Exercise objective:
Give back an exact copy of the lines from the start of the material through the line bearing "C_def D_def by auto". Include both ends and nothing else.

Given information:
text \<open>Exchanging two entries of Z' that are adjacent in W changes no count except at the two
  exchanged entries; if the conditions of B^+ survive there, the result is a second element of D_Z.\<close>
lemma adjacent_swap_not_in_D_Z:
  assumes card: "m' = m + 1" and one_to_one: "D_Z Z Z' = {Z'}" and x: "x \<in> C0" and y: "y \<in> D0"
    and adjacent: "\<And>w. w \<in> W \<Longrightarrow> w \<noteq> x \<Longrightarrow> w \<noteq> y \<Longrightarrow> w \<le> x \<longleftrightarrow> w \<le> y"
    and at_x: "count_ge A0 x = count_ge D0 y" and at_y: "count_ge B0 y + 1 = count_ge C0 x"
  shows False
proof -
  define C where "C = insert y (C0 - {x})"
  define D where "D = insert x (D0 - {y})"
  have "x \<notin> D0" "y \<notin> C0" using x y disjoint_CD by auto
  have "finite C" "finite D" using finite_C0 finite_D0 unfolding C_def D_def by auto
  have "(C, D) = move Z' {x, y}" unfolding C_def D_def using move_pair[OF regular_Z' x y] ..
  also have "\<dots> \<in> Sbar Z'" using x y singles_regular[OF regular_Z'] by (intro move_in_Sbar) auto
  finally have "(C, D) \<in> Sbar Z'" .
  have "defect (C, D) = 0"
    using \<open>x \<notin> D0\<close> \<open>y \<notin> C0\<close> x y finite_C0 finite_D0 card_D0 unfolding C_def D_def
    by (simp add: defect_def card_Suc_Diff1)
  have adjacent_rows: "z \<le> x \<longleftrightarrow> z \<le> y" if "z \<in> D0 \<and> z \<noteq> y \<or> z \<in> C0 \<and> z \<noteq> x" for z
    using adjacent[of z] that \<open>x \<notin> D0\<close> \<open>y \<notin> C0\<close> by blast
  then have "count_ge D w = count_ge D0 (if w = x then y else w)" if "w \<in> D" for w
    using count_ge_swap_adjacent[OF finite_D0 y \<open>x \<notin> D0\<close>] that unfolding D_def by blast
  then have "\<forall>w\<in>D. count_ge A0 w = count_ge D w"
    using Bplus_self_plus(1)[OF card Bplus_if_D_Z[OF one_to_one]] at_x unfolding D_def by auto
  moreover have "count_ge C w = count_ge C0 (if w = y then x else w)" if "w \<in> C" for w
    using count_ge_swap_adjacent[OF finite_C0 x \<open>y \<notin> C0\<close>] adjacent_rows
      that unfolding C_def by blast
  then have "\<forall>w\<in>C. count_ge B0 w + 1 = count_ge C w"
    using Bplus_self_plus(2)[OF card Bplus_if_D_Z[OF one_to_one]] at_y unfolding C_def by auto
  ultimately have "(Z, (C, D)) \<in> Bplus Z Z'"
    using Bplus_iff[of Z "(C, D)" Z Z'] \<open>finite C\<close> \<open>finite D\<close> finite_A0 finite_B0 self_in_Sbar
      \<open>(C, D) \<in> Sbar Z'\<close> \<open>defect (C, D) = 0\<close> defect_Z card by auto
  then have "(C, D) = Z'" using in_D_Z \<open>defect (C, D) = 0\<close> one_to_one by auto
  then have "y \<in> C0" unfolding C_def by (metis fst_conv insertI1)
  then show False using \<open>y \<notin> C0\<close> by contradiction
qed

lemma separated_swap_not_in_D_Z':
  assumes card: "m' = m" and one_to_one: "D_Z' Z Z' = {Z}" and x: "x \<in> A0" and y: "y \<in> B0"
    and separated: "\<And>w. w \<in> W \<Longrightarrow> w < x \<longleftrightarrow> w < y"
  shows False
proof -
  define A where "A = insert y (A0 - {x})"
  define B where "B = insert x (B0 - {y})"
  have "x \<notin> B0" "y \<notin> A0" using x y disjoint_AB by auto
  have "finite A" "finite B" using finite_A0 finite_B0 unfolding A_def B_def by auto
  have "(A, B) = move Z {x, y}" unfolding A_def B_def using move_pair[OF regular_Z x y] ..
  also have "\<dots> \<in> Sbar Z" using x y singles_regular[OF regular_Z] by (intro move_in_Sbar) auto
  finally have "(A, B) \<in> Sbar Z" .
  have "defect (A, B) = 1"
    using \<open>x \<notin> B0\<close> \<open>y \<notin> A0\<close> x y finite_A0 finite_B0 card_A0 card_gt_0_iff[of B0] unfolding A_def B_def
    by (auto simp: defect_def card_Suc_Diff1)
  have "count_ge A (Suc w) = count_ge A0 (Suc w)" "count_ge B (Suc w) = count_ge B0 (Suc w)" if "w \<in> W" for w
    using count_ge_swap_elsewhere[OF finite_A0 x \<open>y \<notin> A0\<close>, of "Suc w"]
      count_ge_swap_elsewhere[OF finite_B0 y \<open>x \<notin> B0\<close>, of "Suc w"] separated[OF that]
    unfolding A_def B_def by (auto simp: Suc_le_eq)
  then have "((A, B), Z') \<in> Bplus Z Z'"
    using Bplus_iff[of "(A, B)" Z' Z Z'] Bplus_self_zero[OF card Bplus_if_D_Z'[OF one_to_one]]
      \<open>finite A\<close> \<open>finite B\<close> finite_C0 finite_D0 self_in_Sbar \<open>(A, B) \<in> Sbar Z\<close> \<open>defect (A, B) = 1\<close>
      defect_Z' card by auto
  then have "(A, B) = Z" using in_D_Z' \<open>defect (A, B) = 1\<close> one_to_one by auto
  then have "y \<in> A0" unfolding A_def by (metis fst_conv insertI1)
  then show False using \<open>y \<notin> A0\<close> by contradiction
qed

lemma no_swap_c_d:
  assumes card: "m' = m + 1" and one_to_one: "D_Z Z Z' = {Z'}" and i: "1 \<le> i" "i \<le> m + 1"
  shows "\<not> (count_ge A0 (c i) = i \<and> count_ge B0 (d i) + 1 = i)"
proof
  assume swap: "count_ge A0 (c i) = i \<and> count_ge B0 (d i) + 1 = i"
  have x: "c i \<in> C0" and y: "d i \<in> D0" using c_in d_in i card by auto
  have "count_ge W (d i) = count_ge W (c i) + 1" using count_ge_W_c count_ge_W_d i card by simp
  then have adjacent: "w \<le> c i \<longleftrightarrow> w \<le> d i" if "w \<in> W" "w \<noteq> c i" for w
    using consecutive_ranks_le_iff[OF finite_W _ _ that(1)] x y that(2) by blast
  show False
  proof (rule adjacent_swap_not_in_D_Z[OF card one_to_one x y])
    show "count_ge A0 (c i) = count_ge D0 (d i)" using swap count_ge_d[of i] i card by simp
    show "count_ge B0 (d i) + 1 = count_ge C0 (c i)" using swap count_ge_c[of i] i card by simp
  qed (use adjacent in blast)
qed

lemma no_swap_d_c:
  assumes card: "m' = m + 1" and one_to_one: "D_Z Z Z' = {Z'}" and i: "1 \<le> i" "i \<le> m"
  shows "\<not> (count_ge A0 (c (i + 1)) = i \<and> count_ge B0 (d i) = i)"
proof
  assume swap: "count_ge A0 (c (i + 1)) = i \<and> count_ge B0 (d i) = i"
  have x: "c (i + 1) \<in> C0" and y: "d i \<in> D0" using c_in d_in i card by auto
  have "count_ge W (c (i + 1)) = count_ge W (d i) + 1" using count_ge_W_c[of "i + 1"] count_ge_W_d[of i] i card by simp
  then have adjacent: "w \<le> d i \<longleftrightarrow> w \<le> c (i + 1)" if "w \<in> W" "w \<noteq> d i" for w
    using consecutive_ranks_le_iff[OF finite_W _ _ that(1)] x y that(2) by blast
  show False
  proof (rule adjacent_swap_not_in_D_Z[OF card one_to_one x y])
    show "count_ge A0 (c (i + 1)) = count_ge D0 (d i)" using swap count_ge_d[of i] i card by simp
    show "count_ge B0 (d i) + 1 = count_ge C0 (c (i + 1))" using swap count_ge_c[of "i + 1"] i card by simp
  qed (use adjacent in blast)
qed

text \<open>The bounds of entry_counts_plus leave two values for each count; the two kinds of adjacent
  swaps exclude the wrong ones, inductively from the least entry d_(m+1) of Z' upwards.\<close>
lemma interlaced_plus:
  assumes card: "m' = m + 1" and one_to_one: "D_Z Z Z' = {Z'}" and "w \<in> W"
  shows "count_ge U w + 1 = count_ge W w"
proof -
  note counts = entry_counts_plus[OF card one_to_one]
  have B0_d: "count_ge B0 (d i) + 1 = i" if "1 \<le> i" "i \<le> m + 1" for i
    using that(2)
  proof (induction i rule: inc_induct)
    case base
    show ?case using counts(5)[of "m + 1"] count_ge_le_card[OF finite_B0, of "d (m + 1)"] by simp
  next
    case (step n)
    then have "count_ge A0 (c (Suc n)) + 1 = Suc n"
      using no_swap_c_d[OF card one_to_one, of "Suc n"] counts(3,4)[of "Suc n"] by fastforce
    then show ?case using no_swap_d_c[OF card one_to_one, of n] counts(5,6)[of n] step that(1) by fastforce
  qed
  have A0_c: "count_ge A0 (c i) + 1 = i" if "1 \<le> i" "i \<le> m + 1" for i
  proof -
    have "count_ge A0 (c i) \<noteq> i" using no_swap_c_d[OF card one_to_one that] B0_d[OF that] by blast
    then show ?thesis using counts(3,4)[OF that] by linarith
  qed
  show ?thesis
  proof (cases "w \<in> C0")
    case True
    then obtain i where i: "1 \<le> i" "i \<le> m'" "w = c i" by (rule obtain_c)
    then show ?thesis using A0_c[of i] counts(2)[of i] count_ge_W_c[of i] count_ge_U[of w] card by simp
  next
    case False
    then have "w \<in> D0" using \<open>w \<in> W\<close> by simp
    then obtain i where i: "1 \<le> i" "i \<le> m'" "w = d i" by (rule obtain_d)
    then show ?thesis using B0_d[of i] counts(1)[of i] count_ge_W_d[of i] count_ge_U[of w] card by simp
  qed
qed

lemma below_a_iff: "1 \<le> k \<Longrightarrow> k \<le> m + 1 \<Longrightarrow> w < a k \<longleftrightarrow> k \<le> count_ge A0 (Suc w)"
  and below_b_iff: "1 \<le> k \<Longrightarrow> k \<le> m \<Longrightarrow> w < b k \<longleftrightarrow> k \<le> count_ge B0 (Suc w)"
  using le_count_ge_iff[OF finite_A0, of k "Suc w"] le_count_ge_iff[OF finite_B0, of k "Suc w"] card_A0
  by (auto simp: Suc_le_eq)

lemma W_cases:
  assumes "w \<in> W" "\<And>j. 1 \<le> j \<Longrightarrow> j \<le> m' \<Longrightarrow> P (c j)" "\<And>j. 1 \<le> j \<Longrightarrow> j \<le> m' \<Longrightarrow> P (d j)"
  shows "P w"
  using assms by (auto elim: obtain_c obtain_d)

lemma no_swap_a_b:
  assumes card: "m' = m" and one_to_one: "D_Z' Z Z' = {Z}" and i: "1 \<le> i" "i \<le> m"
  shows "\<not> (count_ge A0 (Suc (c i)) = i - 1 \<and> count_ge B0 (Suc (d i)) = i)"
proof
  assume swap: "count_ge A0 (Suc (c i)) = i - 1 \<and> count_ge B0 (Suc (d i)) = i"
  note counts = entry_counts_zero[OF card one_to_one]
  have "i \<le> count_ge A0 (Suc w) \<longleftrightarrow> i \<le> count_ge B0 (Suc w)" if "w \<in> W" for w
    using that
  proof (rule W_cases)
    fix j assume j: "1 \<le> j" "j \<le> m'"
    show "i \<le> count_ge A0 (Suc (c j)) \<longleftrightarrow> i \<le> count_ge B0 (Suc (c j))"
      using counts(2-4)[of j] swap j card by (cases "j = i") auto
    show "i \<le> count_ge A0 (Suc (d j)) \<longleftrightarrow> i \<le> count_ge B0 (Suc (d j))"
      using counts(1,5,6)[of j] swap i j card by (cases "j = i") auto
  qed
  then show False
    using separated_swap_not_in_D_Z'[OF card one_to_one a_in[of i] b_in[of i]] below_a_iff[of i] below_b_iff[of i] i
    by simp
qed

lemma no_swap_b_a:
  assumes card: "m' = m" and one_to_one: "D_Z' Z Z' = {Z}" and i: "1 \<le> i" "i \<le> m"
  shows "\<not> (count_ge B0 (Suc (d i)) = i - 1 \<and> (i < m \<longrightarrow> count_ge A0 (Suc (c (i + 1))) = i + 1))"
proof
  assume swap: "count_ge B0 (Suc (d i)) = i - 1 \<and> (i < m \<longrightarrow> count_ge A0 (Suc (c (i + 1))) = i + 1)"
  note counts = entry_counts_zero[OF card one_to_one]
  have "i + 1 \<le> count_ge A0 (Suc w) \<longleftrightarrow> i \<le> count_ge B0 (Suc w)" if "w \<in> W" for w
    using that
  proof (rule W_cases)
    fix j assume j: "1 \<le> j" "j \<le> m'"
    show "i + 1 \<le> count_ge A0 (Suc (c j)) \<longleftrightarrow> i \<le> count_ge B0 (Suc (c j))"
      using counts(2-4)[of j] swap j card by (cases "j = i + 1") auto
    show "i + 1 \<le> count_ge A0 (Suc (d j)) \<longleftrightarrow> i \<le> count_ge B0 (Suc (d j))"
      using counts(1,5,6)[of j] swap i j card by (cases "j = i") auto
  qed
  then show False
    using separated_swap_not_in_D_Z'[OF card one_to_one a_in[of "i + 1"] b_in[of i]] below_a_iff[of "i + 1"]
      below_b_iff[of i] i by simp
qed

lemma interlaced_zero:
  assumes card: "m' = m" and one_to_one: "D_Z' Z Z' = {Z}" and "w \<in> W"
  shows "count_ge U (Suc w) = count_ge W w"
proof -
  note counts = entry_counts_zero[OF card one_to_one]
  have B0_d: "count_ge B0 (Suc (d i)) = i" if "1 \<le> i" "i \<le> m" for i
    using that(2)
  proof (induction i rule: inc_induct)
    case base
    show ?case using no_swap_b_a[OF card one_to_one, of m] counts(5,6)[of m] that by fastforce
  next
    case (step n)
    have "count_ge A0 (Suc (c (Suc n))) \<noteq> Suc n - 1" using no_swap_a_b[OF card one_to_one, of "Suc n"] step by simp
    then have "count_ge A0 (Suc (c (Suc n))) = Suc n" using counts(3,4)[of "Suc n"] step by fastforce
    then have "count_ge B0 (Suc (d n)) \<noteq> n - 1" using no_swap_b_a[OF card one_to_one, of n] step that(1) by simp
    then show ?case using counts(5,6)[of n] step that(1) by fastforce
  qed
  have A0_c: "count_ge A0 (Suc (c i)) = i" if "1 \<le> i" "i \<le> m" for i
  proof -
    have "count_ge A0 (Suc (c i)) \<noteq> i - 1" using no_swap_a_b[OF card one_to_one that] B0_d[OF that] by blast
    then show ?thesis using counts(3,4)[OF that] by linarith
  qed
  show ?thesis
  proof (cases "w \<in> C0")
    case True
    then obtain i where i: "1 \<le> i" "i \<le> m'" "w = c i" by (rule obtain_c)
    then show ?thesis using A0_c[of i] counts(2)[of i] count_ge_W_c[of i] count_ge_U[of "Suc w"] card by simp
  next
    case False
    then have "w \<in> D0" using \<open>w \<in> W\<close> by simp
    then obtain i where i: "1 \<le> i" "i \<le> m'" "w = d i" by (rule obtain_d)
    then show ?thesis using B0_d[of i] counts(1)[of i] count_ge_W_d[of i] count_ge_U[of "Suc w"] card by simp
  qed
qed

section \<open>The maps theta\<close>

abbreviation "theta_plus \<equiv> rank_successor U W"

lemma theta_plus_a: "m' = m + 1 \<Longrightarrow> 1 \<le> i \<Longrightarrow> i \<le> m + 1 \<Longrightarrow> theta_plus (a i) = d i"
  by (rule rank_successor_eqI[OF finite_W]) (simp_all add: d_in count_ge_W_d count_ge_U_a)

lemma theta_plus_b: "m' = m + 1 \<Longrightarrow> 1 \<le> i \<Longrightarrow> i \<le> m \<Longrightarrow> theta_plus (b i) = c (i + 1)"
  by (rule rank_successor_eqI[OF finite_W]) (simp_all add: c_in count_ge_W_c count_ge_U_b)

Result for this task:
text \<open>Exchanging two entries of Z' that are adjacent in W changes no count except at the two
  exchanged entries; if the conditions of B^+ survive there, the result is a second element of D_Z.\<close>
lemma adjacent_swap_not_in_D_Z:
  assumes card: "m' = m + 1" and one_to_one: "D_Z Z Z' = {Z'}" and x: "x \<in> C0" and y: "y \<in> D0"
    and adjacent: "\<And>w. w \<in> W \<Longrightarrow> w \<noteq> x \<Longrightarrow> w \<noteq> y \<Longrightarrow> w \<le> x \<longleftrightarrow> w \<le> y"
    and at_x: "count_ge A0 x = count_ge D0 y" and at_y: "count_ge B0 y + 1 = count_ge C0 x"
  shows False
proof -
  define C where "C = insert y (C0 - {x})"
  define D where "D = insert x (D0 - {y})"
  have "x \<notin> D0" "y \<notin> C0" using x y disjoint_CD by auto
  have "finite C" "finite D" using finite_C0 finite_D0 unfolding C_def D_def by auto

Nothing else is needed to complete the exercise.